A so-called normal coaxial cable of length  $l$  with

  • core diameter  $\text{2.6 mm}$,  and
  • outer diameter  $\text{9.5 mm}$


has the following frequency response:

$$H_{\rm K}(f) = {\rm e}^{- \alpha_0 \hspace{0.05cm} \cdot \hspace{0.05cm} l} \cdot {\rm e}^{- \alpha_1 \hspace{0.05cm}\cdot \hspace{0.05cm}l \hspace{0.05cm}\cdot \hspace{0.05cm}f} \cdot {\rm e}^{- \alpha_2 \hspace{0.05cm}\cdot \hspace{0.05cm}l\hspace{0.05cm}\hspace{0.05cm}\cdot \sqrt{f}} \cdot {\rm e}^{- {\rm j} \hspace{0.05cm}\cdot \hspace{0.05cm} \beta_1 \hspace{0.05cm}\cdot \hspace{0.05cm} l \hspace{0.05cm}\cdot \hspace{0.05cm}f} \cdot {\rm e}^{- {\rm j} \hspace{0.05cm}\cdot \hspace{0.05cm} \beta_2 \hspace{0.05cm}\cdot \hspace{0.05cm}l\hspace{0.05cm}\hspace{0.05cm}\cdot \sqrt{f}} \hspace{0.05cm}.$$

The attenuation parameters  $\alpha_0$,  $\alpha_1$ and  $\alpha_2$ are to be used in  "Neper per kilometer"  (Np/km)  and the phase parameters  $\beta_1$ and  $\beta_2$ in  "Radian per kilometer"  (rad/km).  The following numerical values apply:

$$\alpha_0 = 0.00162 \hspace{0.15cm}{\rm Np}/{\rm km} \hspace{0.05cm},$$
$$\alpha_1 = 0.000435 \hspace{0.15cm} {\rm Np}/{{\rm km} \cdot {\rm MHz}} \hspace{0.05cm},$$
$$\alpha_2 = 0.2722 \hspace{0.15cm}{\rm Np}/{{\rm km} \cdot \sqrt{\rm MHz}} \hspace{0.05cm}.$$

For the system-theoretical description of a coaxial cable  (German:  "Koaxialkabel"   ⇒   subscipt  "K"),  one uses

  • the attenuation function  (in Np or dB):
$${ a}_{\rm K}(f) = - {\rm ln} \hspace{0.10cm}|H_{\rm K}(f)|= - 20 \cdot {\rm lg} \hspace{0.10cm}|H_{\rm K}(f)| \hspace{0.05cm},$$
  • the phase function  (in rad or degree):
$$b_{\rm K}(f) = - {\rm arc} \hspace{0.10cm}H_{\rm K}(f) \hspace{0.05cm}.$$

In practice,  one often uses the approximation

$$H_{\rm K}(f) = {\rm e}^{- \alpha_2 \hspace{0.05cm}\cdot \hspace{0.05cm}l\hspace{0.05cm}\hspace{0.05cm}\cdot \sqrt{f}} \cdot {\rm e}^{- {\rm j} \hspace{0.05cm}\cdot \hspace{0.05cm} \beta_2 \hspace{0.05cm}\cdot \hspace{0.05cm}l\hspace{0.05cm}\hspace{0.05cm}\cdot \sqrt{f}}$$
$$\Rightarrow \hspace{0.3cm} a_{\rm K}(f) = \alpha_2 \cdot l \cdot \sqrt{f}, \hspace{0.8cm}b_{\rm K}(f) = a_{\rm K}(f) \cdot {\rm rad}/{\rm Np}\hspace{0.05cm}.$$

This is allowed because  $\alpha_2$  and  $\beta_2$  have exactly the same numerical value and differ only by different pseudo units.
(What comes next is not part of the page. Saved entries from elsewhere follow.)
(* Let $\lambda_{\max}>1$ and let $F:[0,\lambda_{\max}]\to\mathbb{R}$ be continuously differentiable, with $F''$ existing and continuous on $(0,\lambda_{\max})$, $F''(1)<0$, and $F^{(3)},F^{(4)}$ existing and bounded on $[0,\lambda_{\max}]$. Suppose $F(x)<F'(1)(x-1)+F(1)$ for all $x\in[0,\lambda_{\max}]\setminus\{1\}$. Then there exists a concave quadratic function $G$ with $G(1)=F(1)$ and $G'(1)=F'(1)$ such that $F(x)\le G(x)\le F'(1)(x-1)+F(1)$ for all $x\in[0,\lambda_{\max}]$. *)

theory Defs
  imports "HOL-Analysis.Analysis"
begin

definition concave_quadratic :: "(real \<Rightarrow> real) \<Rightarrow> bool" where
  "concave_quadratic G \<longleftrightarrow> (\<exists>a b c. a < 0 \<and> (\<forall>x. G x = a * x^2 + b * x + c))"

end

theory Submission
  imports Defs
begin

text \<open>The gap between the tangent line of F at 1 and F is positive away from 1. Near 1, Taylor's
  theorem with F''(1) < 0 bounds it below by a multiple of (x - 1)^2; on the compact rest of the
  interval it is bounded below by a positive constant. Hence a small enough multiple c (x - 1)^2 fits
  under the gap on the whole interval, and G is the tangent line minus c (x - 1)^2.\<close>

lemma concave_quadratic_tangent_parabola:
  assumes "c > 0"
  shows "concave_quadratic (\<lambda>x. b * (x - a) + v - c * (x - a)^2)"
  unfolding concave_quadratic_def
proof (intro exI conjI allI)
  show "- c < 0" using assms by simp
  show "b * (x - a) + v - c * (x - a)^2 = - c * x^2 + (b + 2 * c * a) * x + (v - b * a - c * a^2)"
    for x by (simp add: power2_eq_square algebra_simps)
qed

lemma Taylor_upper_bound_second_derivative:
  fixes F F1 F2 :: "real \<Rightarrow> real"
  assumes F1: "\<And>t. \<bar>t - a\<bar> \<le> d \<Longrightarrow> (F has_real_derivative F1 t) (at t)"
    and F2: "\<And>t. \<bar>t - a\<bar> \<le> d \<Longrightarrow> (F1 has_real_derivative F2 t) (at t)"
    and F2_le: "\<And>t. \<bar>t - a\<bar> \<le> d \<Longrightarrow> F2 t \<le> B"
    and x: "\<bar>x - a\<bar> \<le> d"
  shows "F x \<le> F a + F1 a * (x - a) + B / 2 * (x - a)^2"
proof (cases "x = a")
  case False
  define diff where "diff = (!) [F, F1, F2]"
  have "\<forall>m t. m < 2 \<and> a - d \<le> t \<and> t \<le> a + d \<longrightarrow> (diff m has_real_derivative diff (Suc m) t) (at t)"
  proof (intro allI impI)
    fix m t assume "m < (2::nat) \<and> a - d \<le> t \<and> t \<le> a + d"
    then show "(diff m has_real_derivative diff (Suc m) t) (at t)"
      using F1[of t] F2[of t] by (auto simp: diff_def less_2_cases_iff)
  qed
  moreover have "a - d \<le> a" "a + d \<ge> a" "a - d \<le> x" "x \<le> a + d"
    using x by auto
  ultimately obtain t where t: "if x < a then x < t \<and> t < a else a < t \<and> t < x"
    and Fx: "F x = (\<Sum>m<2. diff m a / fact m * (x - a)^m) + diff 2 t / fact 2 * (x - a)^2"
    using Taylor[of 2 diff F "a - d" "a + d" a x] False by (auto simp: diff_def)
  have "F2 t / 2 * (x - a)^2 \<le> B / 2 * (x - a)^2"
    using F2_le[of t] t x by (intro mult_right_mono) (auto split: if_splits)
  with Fx show ?thesis
    by (simp add: diff_def numeral_2_eq_2 lessThan_Suc)
qed simp

lemma tangent_gap_quadratic_near_concave_point:
  fixes F F1 F2 :: "real \<Rightarrow> real"
  assumes "r > 0"
    and F1: "\<And>t. \<bar>t - a\<bar> < r \<Longrightarrow> (F has_real_derivative F1 t) (at t)"
    and F2: "\<And>t. \<bar>t - a\<bar> < r \<Longrightarrow> (F1 has_real_derivative F2 t) (at t)"
    and "isCont F2 a" and "F2 a < 0"
  obtains d where "d > 0"
    and "\<And>x. \<bar>x - a\<bar> \<le> d \<Longrightarrow> - F2 a / 4 * (x - a)^2 \<le> F1 a * (x - a) + F a - F x"
proof -
  obtain e where "e > 0" and e: "\<And>t. dist t a < e \<Longrightarrow> dist (F2 t) (F2 a) < - F2 a / 2"
    using \<open>isCont F2 a\<close> \<open>F2 a < 0\<close> unfolding continuous_at_eps_delta
    by (metis half_gt_zero neg_0_less_iff_less)
  define d where "d = min (e / 2) (r / 2)"
  have "d > 0" "d < e" "d < r"
    using \<open>e > 0\<close> \<open>r > 0\<close> by (auto simp: d_def)
  have F2_le: "F2 t \<le> F2 a / 2" if "\<bar>t - a\<bar> \<le> d" for t
    using e[of t] that \<open>d < e\<close> by (auto simp: dist_real_def)
  have "- F2 a / 4 * (x - a)^2 \<le> F1 a * (x - a) + F a - F x" if x: "\<bar>x - a\<bar> \<le> d" for x
  proof -
    have "F x \<le> F a + F1 a * (x - a) + (F2 a / 2) / 2 * (x - a)^2"
      by (rule Taylor_upper_bound_second_derivative[OF _ _ F2_le x]) (use F1 F2 \<open>d < r\<close> in auto)
    then show ?thesis by simp
  qed
  with \<open>d > 0\<close> show ?thesis
    using that by blast
qed

lemma compact_continuous_pos_lower_bound:
  fixes h :: "'a::topological_space \<Rightarrow> real"
  assumes "compact K" "continuous_on K h" "\<And>x. x \<in> K \<Longrightarrow> h x > 0"
  obtains m where "m > 0" "\<And>x. x \<in> K \<Longrightarrow> m \<le> h x"
proof (cases "K = {}")
  case False
  then obtain x0 where "x0 \<in> K" "\<And>x. x \<in> K \<Longrightarrow> h x0 \<le> h x"
    using continuous_attains_inf[OF assms(1) False assms(2)] by blast
  with assms(3) that show ?thesis by blast
qed (use that[of 1] in auto)

lemma quadratic_below_gap_on_compact:
  fixes h :: "real \<Rightarrow> real"
  assumes S: "compact S" "continuous_on S h"
    and pos: "\<And>x. x \<in> S - {a} \<Longrightarrow> h x > 0"
    and near: "d > 0" "k > 0" "\<And>x. x \<in> S \<Longrightarrow> \<bar>x - a\<bar> \<le> d \<Longrightarrow> k * (x - a)^2 \<le> h x"
  obtains c where "c > 0" "\<And>x. x \<in> S \<Longrightarrow> c * (x - a)^2 \<le> h x"
proof -
  define K where "K = S \<inter> {x. d \<le> \<bar>x - a\<bar>}"
  have "compact K"
    unfolding K_def using S(1)
    by (intro compact_Int_closed closed_Collect_le continuous_intros)
  moreover have "continuous_on K h"
    using S(2) by (rule continuous_on_subset) (auto simp: K_def)
  moreover have "\<And>x. x \<in> K \<Longrightarrow> h x > 0"
    using pos \<open>d > 0\<close> by (auto simp: K_def)
  ultimately obtain m where "m > 0" and m: "\<And>x. x \<in> K \<Longrightarrow> m \<le> h x"
    using compact_continuous_pos_lower_bound by blast
  obtain R where "R > 0" and R: "\<And>x. x \<in> S \<Longrightarrow> \<bar>x - a\<bar> \<le> R"
    using compact_imp_bounded[OF S(1)] bounded_pos_less[of "(\<lambda>x. x - a) ` S"]
    by (metis bounded_translation_minus le_less real_norm_def image_eqI)
  define c where "c = min k (m / R^2)"
  have "c * (x - a)^2 \<le> h x" if "x \<in> S" for x
  proof (cases "\<bar>x - a\<bar> \<le> d")
    case True
    have "c * (x - a)^2 \<le> k * (x - a)^2"
      by (intro mult_right_mono) (auto simp: c_def)
    with near(3)[OF that True] show ?thesis by linarith
  next
    case False
    have "(x - a)^2 \<le> R^2"
      using R[OF that] by (metis abs_ge_zero power2_abs power_mono)
    then have "c * (x - a)^2 \<le> m / R^2 * R^2"
      using \<open>m > 0\<close> \<open>k > 0\<close> by (intro mult_mono) (auto simp: c_def)
    also have "\<dots> = m" using \<open>R > 0\<close> by simp
    also have "m \<le> h x" using m False that by (auto simp: K_def)
    finally show ?thesis .
  qed
  moreover have "c > 0" using \<open>k > 0\<close> \<open>m > 0\<close> \<open>R > 0\<close> by (simp add: c_def)
  ultimately show ?thesis using that by blast
qed

theorem lemmaC2:
  fixes F F1 F2 F3 F4 :: "real \<Rightarrow> real" and lmax :: real
  assumes lmax: "lmax > 1"
    and F1: "\<And>x. x \<in> {0..lmax} \<Longrightarrow> (F has_real_derivative F1 x) (at x within {0..lmax})"
    and F1_cont: "continuous_on {0..lmax} F1"
    and F2: "\<And>x. x \<in> {0<..<lmax} \<Longrightarrow> (F1 has_real_derivative F2 x) (at x)"
    and F2_cont: "continuous_on {0<..<lmax} F2"
    and F2_neg: "F2 1 < 0"
    and F3: "\<And>x. x \<in> {0<..<lmax} \<Longrightarrow> (F2 has_real_derivative F3 x) (at x)"
    and F4: "\<And>x. x \<in> {0<..<lmax} \<Longrightarrow> (F3 has_real_derivative F4 x) (at x)"
    and F3_bdd: "bounded (F3 ` {0<..<lmax})"
    and F4_bdd: "bounded (F4 ` {0<..<lmax})"
    and below: "\<And>x. x \<in> {0..lmax} - {1} \<Longrightarrow> F x < F1 1 * (x - 1) + F 1"
  shows "\<exists>G. concave_quadratic G \<and> G 1 = F 1 \<and> (G has_real_derivative F1 1) (at 1) \<and>
           (\<forall>x\<in>{0..lmax}. F x \<le> G x \<and> G x \<le> F1 1 * (x - 1) + F 1)"
proof -
  define h where "h x = F1 1 * (x - 1) + F 1 - F x" for x
  have "continuous_on {0..lmax} F"
    using F1 by (metis DERIV_continuous continuous_on_eq_continuous_within)
  then have h_cont: "continuous_on {0..lmax} h"
    unfolding h_def by (intro continuous_intros)
  have "isCont F2 1"
    using F2_cont lmax by (simp add: continuous_on_eq_continuous_at)
  moreover have "(F has_real_derivative F1 t) (at t)" "(F1 has_real_derivative F2 t) (at t)"
    if "\<bar>t - 1\<bar> < min 1 (lmax - 1)" for t
  proof -
    have t: "0 < t" "t < lmax" using that by auto
    show "(F has_real_derivative F1 t) (at t)" using F1[of t] at_within_Icc_at[OF t] t by simp
    show "(F1 has_real_derivative F2 t) (at t)" using F2[of t] t by simp
  qed
  ultimately obtain d where "d > 0"
    and h_near: "\<And>x. \<bar>x - 1\<bar> \<le> d \<Longrightarrow> - F2 1 / 4 * (x - 1)^2 \<le> h x"
    using tangent_gap_quadratic_near_concave_point[of "min 1 (lmax - 1)" 1 F F1 F2] lmax F2_neg
    unfolding h_def by auto
  have h_pos: "\<And>x. x \<in> {0..lmax} - {1} \<Longrightarrow> h x > 0"
    using below by (simp add: h_def)
  obtain c where "c > 0" and c: "\<And>x. x \<in> {0..lmax} \<Longrightarrow> c * (x - 1)^2 \<le> h x"
    using quadratic_below_gap_on_compact[where a = 1 and k = "- F2 1 / 4",
          OF compact_Icc h_cont h_pos \<open>d > 0\<close>] h_near F2_neg
    by auto
  define G where "G x = F1 1 * (x - 1) + F 1 - c * (x - 1)^2" for x
  have "concave_quadratic G"
    unfolding G_def using \<open>c > 0\<close> by (rule concave_quadratic_tangent_parabola)
  moreover have "(G has_real_derivative F1 1) (at 1)"
    unfolding G_def by (auto intro!: derivative_eq_intros)
  moreover have "F x \<le> G x \<and> G x \<le> F1 1 * (x - 1) + F 1" if "x \<in> {0..lmax}" for x
    using c[OF that] \<open>c > 0\<close> by (simp add: G_def h_def)
  ultimately show ?thesis
    by (intro exI[of _ G]) (simp add: G_def)
qed

end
With the definition of the characteristic cable attenuation  (in Neper or decibel)

$${a}_{\rm \star(Np)} = {a}_{\rm K}(f = {R}/{2}) = 0.1151 \cdot {a}_{\rm \star(dB)}$$

digital systems with different bit rate  $R$  and cable length  $l$  can be treated uniformly.



Notes:


Questions

1

Which terms of  $H_{\rm K}(f)$  do not lead to distortions? The

$\alpha_0$–term,
$\alpha_1$–term,
$\alpha_2$–term,
$\beta_1$–term,
$\beta_2$–term.

2

What length  $l_{\rm max}$  could such a cable have so that a DC signal is attenuated by no more than  $1\%$ ?

$l_\text{max} \ = \ $

$\ \rm km$

3

What is the attenuation  (in Np)  at frequency  $f = 70 \ \rm MHz$  when the cable length is  $\underline{l = 2 \ \rm km}$?

$a_{\rm K}(f = 70\ \rm MHz) \ = \ $

$\ \rm Np$

4

Assuming all other things are equal,  what is the attenuation when only the  $\alpha_2$–term is considered?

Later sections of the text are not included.